The task: Report back every line below that carries the word "least".
□ □ □ □
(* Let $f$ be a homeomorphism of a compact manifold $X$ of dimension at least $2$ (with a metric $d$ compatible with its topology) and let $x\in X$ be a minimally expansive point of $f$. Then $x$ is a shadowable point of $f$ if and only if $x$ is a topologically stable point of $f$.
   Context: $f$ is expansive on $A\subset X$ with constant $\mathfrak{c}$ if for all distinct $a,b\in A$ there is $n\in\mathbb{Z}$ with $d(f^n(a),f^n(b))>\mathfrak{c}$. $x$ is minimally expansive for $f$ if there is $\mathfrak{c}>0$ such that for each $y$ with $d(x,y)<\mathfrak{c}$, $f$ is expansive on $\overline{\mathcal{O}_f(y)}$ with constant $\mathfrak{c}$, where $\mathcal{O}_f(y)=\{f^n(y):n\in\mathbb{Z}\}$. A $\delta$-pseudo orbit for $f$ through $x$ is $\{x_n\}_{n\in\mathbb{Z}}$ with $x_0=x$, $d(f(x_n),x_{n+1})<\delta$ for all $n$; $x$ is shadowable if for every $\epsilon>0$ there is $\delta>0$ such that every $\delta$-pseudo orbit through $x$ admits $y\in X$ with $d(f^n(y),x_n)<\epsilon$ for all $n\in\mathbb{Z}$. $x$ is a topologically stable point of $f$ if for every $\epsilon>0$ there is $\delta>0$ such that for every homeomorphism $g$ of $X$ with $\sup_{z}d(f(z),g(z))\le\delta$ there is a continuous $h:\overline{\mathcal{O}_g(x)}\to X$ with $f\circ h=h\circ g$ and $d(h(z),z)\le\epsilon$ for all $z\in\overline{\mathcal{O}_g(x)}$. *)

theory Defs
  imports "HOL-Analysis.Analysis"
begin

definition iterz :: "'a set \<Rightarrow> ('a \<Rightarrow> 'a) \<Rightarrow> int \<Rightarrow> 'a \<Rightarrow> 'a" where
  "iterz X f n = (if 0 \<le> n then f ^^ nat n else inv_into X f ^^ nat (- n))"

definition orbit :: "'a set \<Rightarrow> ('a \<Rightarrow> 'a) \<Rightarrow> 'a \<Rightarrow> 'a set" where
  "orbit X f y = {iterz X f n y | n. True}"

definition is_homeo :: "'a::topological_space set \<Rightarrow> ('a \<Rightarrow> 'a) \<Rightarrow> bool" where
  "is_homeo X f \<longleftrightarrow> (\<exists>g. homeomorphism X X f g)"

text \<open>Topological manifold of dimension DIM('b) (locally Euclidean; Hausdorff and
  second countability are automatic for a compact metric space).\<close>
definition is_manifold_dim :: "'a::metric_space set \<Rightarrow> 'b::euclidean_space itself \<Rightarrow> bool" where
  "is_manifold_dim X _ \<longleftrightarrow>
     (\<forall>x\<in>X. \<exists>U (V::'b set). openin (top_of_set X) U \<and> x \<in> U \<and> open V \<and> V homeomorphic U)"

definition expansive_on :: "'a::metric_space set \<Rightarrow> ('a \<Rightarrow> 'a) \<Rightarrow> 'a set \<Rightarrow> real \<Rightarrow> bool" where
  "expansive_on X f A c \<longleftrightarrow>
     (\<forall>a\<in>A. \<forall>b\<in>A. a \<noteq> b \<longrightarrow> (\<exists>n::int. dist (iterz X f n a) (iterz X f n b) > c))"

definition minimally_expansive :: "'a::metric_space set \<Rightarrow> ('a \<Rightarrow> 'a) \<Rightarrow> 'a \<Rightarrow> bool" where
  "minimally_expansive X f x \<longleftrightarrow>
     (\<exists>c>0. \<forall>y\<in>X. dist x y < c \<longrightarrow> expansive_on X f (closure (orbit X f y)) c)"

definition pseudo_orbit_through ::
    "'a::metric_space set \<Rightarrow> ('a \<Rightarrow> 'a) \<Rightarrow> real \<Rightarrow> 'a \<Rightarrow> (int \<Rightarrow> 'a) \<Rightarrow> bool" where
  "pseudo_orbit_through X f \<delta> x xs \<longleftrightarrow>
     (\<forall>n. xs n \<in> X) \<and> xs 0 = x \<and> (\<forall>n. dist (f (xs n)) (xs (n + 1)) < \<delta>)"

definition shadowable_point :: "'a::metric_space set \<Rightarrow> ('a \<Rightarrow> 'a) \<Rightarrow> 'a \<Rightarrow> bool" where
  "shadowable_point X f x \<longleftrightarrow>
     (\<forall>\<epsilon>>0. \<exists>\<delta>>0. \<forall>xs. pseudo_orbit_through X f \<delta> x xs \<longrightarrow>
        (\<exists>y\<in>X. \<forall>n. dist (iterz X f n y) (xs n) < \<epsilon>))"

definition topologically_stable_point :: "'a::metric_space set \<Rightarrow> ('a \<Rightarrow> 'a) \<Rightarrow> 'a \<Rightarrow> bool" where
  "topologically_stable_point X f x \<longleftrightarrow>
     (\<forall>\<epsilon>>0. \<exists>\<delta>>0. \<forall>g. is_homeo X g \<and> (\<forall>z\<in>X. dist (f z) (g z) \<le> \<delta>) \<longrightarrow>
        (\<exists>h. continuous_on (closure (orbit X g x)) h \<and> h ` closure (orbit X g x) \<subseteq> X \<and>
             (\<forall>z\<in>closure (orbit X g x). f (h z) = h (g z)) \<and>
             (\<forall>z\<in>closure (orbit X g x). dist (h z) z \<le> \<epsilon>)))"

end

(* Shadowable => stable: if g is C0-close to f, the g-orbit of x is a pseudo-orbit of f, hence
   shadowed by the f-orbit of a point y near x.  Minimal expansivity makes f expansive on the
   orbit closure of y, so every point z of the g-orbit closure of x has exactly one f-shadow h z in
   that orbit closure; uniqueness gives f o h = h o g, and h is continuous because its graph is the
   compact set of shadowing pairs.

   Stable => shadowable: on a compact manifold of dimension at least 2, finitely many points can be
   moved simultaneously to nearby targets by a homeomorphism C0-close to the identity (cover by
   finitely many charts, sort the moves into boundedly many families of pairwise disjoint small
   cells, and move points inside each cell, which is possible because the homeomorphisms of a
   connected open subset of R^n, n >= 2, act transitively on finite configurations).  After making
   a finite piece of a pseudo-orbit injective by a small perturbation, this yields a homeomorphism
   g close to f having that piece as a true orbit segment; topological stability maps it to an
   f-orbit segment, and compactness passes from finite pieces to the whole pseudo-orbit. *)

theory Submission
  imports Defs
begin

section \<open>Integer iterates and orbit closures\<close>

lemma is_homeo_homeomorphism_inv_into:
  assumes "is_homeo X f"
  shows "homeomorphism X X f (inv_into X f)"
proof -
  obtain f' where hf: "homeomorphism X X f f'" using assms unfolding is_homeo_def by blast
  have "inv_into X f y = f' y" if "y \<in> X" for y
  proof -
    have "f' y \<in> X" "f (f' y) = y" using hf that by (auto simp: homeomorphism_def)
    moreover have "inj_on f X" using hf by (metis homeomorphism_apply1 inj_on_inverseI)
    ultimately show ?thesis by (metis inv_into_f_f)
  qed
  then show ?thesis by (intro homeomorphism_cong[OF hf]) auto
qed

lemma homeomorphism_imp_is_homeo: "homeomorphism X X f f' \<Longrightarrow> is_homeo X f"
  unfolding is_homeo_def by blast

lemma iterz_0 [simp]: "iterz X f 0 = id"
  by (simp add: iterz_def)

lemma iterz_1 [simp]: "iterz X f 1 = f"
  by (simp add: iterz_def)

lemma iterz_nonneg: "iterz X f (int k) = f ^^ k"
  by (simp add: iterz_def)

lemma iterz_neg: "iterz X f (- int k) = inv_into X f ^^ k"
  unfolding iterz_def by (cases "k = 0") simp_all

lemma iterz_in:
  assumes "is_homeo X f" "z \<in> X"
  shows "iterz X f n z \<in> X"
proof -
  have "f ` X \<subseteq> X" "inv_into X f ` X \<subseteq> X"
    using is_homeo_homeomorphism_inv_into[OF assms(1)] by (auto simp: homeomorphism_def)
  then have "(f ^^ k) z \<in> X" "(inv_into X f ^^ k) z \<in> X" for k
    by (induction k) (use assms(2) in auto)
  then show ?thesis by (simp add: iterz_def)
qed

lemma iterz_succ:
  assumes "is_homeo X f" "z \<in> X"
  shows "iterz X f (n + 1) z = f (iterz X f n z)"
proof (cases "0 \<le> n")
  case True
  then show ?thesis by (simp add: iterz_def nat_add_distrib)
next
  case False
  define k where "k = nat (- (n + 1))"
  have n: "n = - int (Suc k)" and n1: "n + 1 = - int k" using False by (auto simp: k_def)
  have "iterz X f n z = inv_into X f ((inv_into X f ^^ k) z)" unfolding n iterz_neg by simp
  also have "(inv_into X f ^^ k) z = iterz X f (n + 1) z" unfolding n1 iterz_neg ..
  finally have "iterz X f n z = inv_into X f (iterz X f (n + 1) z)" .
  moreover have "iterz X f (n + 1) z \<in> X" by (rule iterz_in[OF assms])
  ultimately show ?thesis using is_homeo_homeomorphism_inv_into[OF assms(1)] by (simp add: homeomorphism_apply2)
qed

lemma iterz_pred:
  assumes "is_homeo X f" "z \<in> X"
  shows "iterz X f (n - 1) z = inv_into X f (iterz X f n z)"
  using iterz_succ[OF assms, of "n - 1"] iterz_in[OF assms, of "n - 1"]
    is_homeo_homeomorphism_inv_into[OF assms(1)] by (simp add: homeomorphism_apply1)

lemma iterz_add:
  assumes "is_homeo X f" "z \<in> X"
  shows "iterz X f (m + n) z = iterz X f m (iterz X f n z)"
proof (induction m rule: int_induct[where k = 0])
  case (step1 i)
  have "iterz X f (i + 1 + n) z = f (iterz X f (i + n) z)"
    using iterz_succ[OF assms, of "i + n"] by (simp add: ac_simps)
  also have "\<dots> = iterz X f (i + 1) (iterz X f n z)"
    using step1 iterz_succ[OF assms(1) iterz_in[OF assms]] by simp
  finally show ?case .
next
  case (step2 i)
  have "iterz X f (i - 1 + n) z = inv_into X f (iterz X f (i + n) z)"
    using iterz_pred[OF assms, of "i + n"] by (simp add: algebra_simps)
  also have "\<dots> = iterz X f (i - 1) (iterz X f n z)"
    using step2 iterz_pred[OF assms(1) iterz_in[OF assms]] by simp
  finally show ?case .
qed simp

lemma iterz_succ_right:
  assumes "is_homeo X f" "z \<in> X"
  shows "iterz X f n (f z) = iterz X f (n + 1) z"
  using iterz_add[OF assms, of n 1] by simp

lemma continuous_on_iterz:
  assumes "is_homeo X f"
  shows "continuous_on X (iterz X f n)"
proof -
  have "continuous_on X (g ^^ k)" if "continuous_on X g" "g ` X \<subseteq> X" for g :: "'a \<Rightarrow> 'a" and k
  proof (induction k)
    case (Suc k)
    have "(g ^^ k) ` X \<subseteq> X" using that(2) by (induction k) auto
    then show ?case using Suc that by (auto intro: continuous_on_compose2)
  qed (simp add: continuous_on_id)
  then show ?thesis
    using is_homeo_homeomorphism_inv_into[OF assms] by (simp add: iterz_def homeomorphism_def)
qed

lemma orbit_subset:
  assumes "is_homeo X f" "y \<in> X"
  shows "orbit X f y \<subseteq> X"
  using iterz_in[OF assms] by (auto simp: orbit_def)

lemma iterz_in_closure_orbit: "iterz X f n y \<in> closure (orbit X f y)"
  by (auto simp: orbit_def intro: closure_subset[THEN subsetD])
□ □ □ □
Task response:
(* Let $f$ be a homeomorphism of a compact manifold $X$ of dimension at least $2$ (with a metric $d$ compatible with its topology) and let $x\in X$ be a minimally expansive point of $f$. Then $x$ is a shadowable point of $f$ if and only if $x$ is a topologically stable point of $f$.
   Stable => shadowable: on a compact manifold of dimension at least 2, finitely many points can be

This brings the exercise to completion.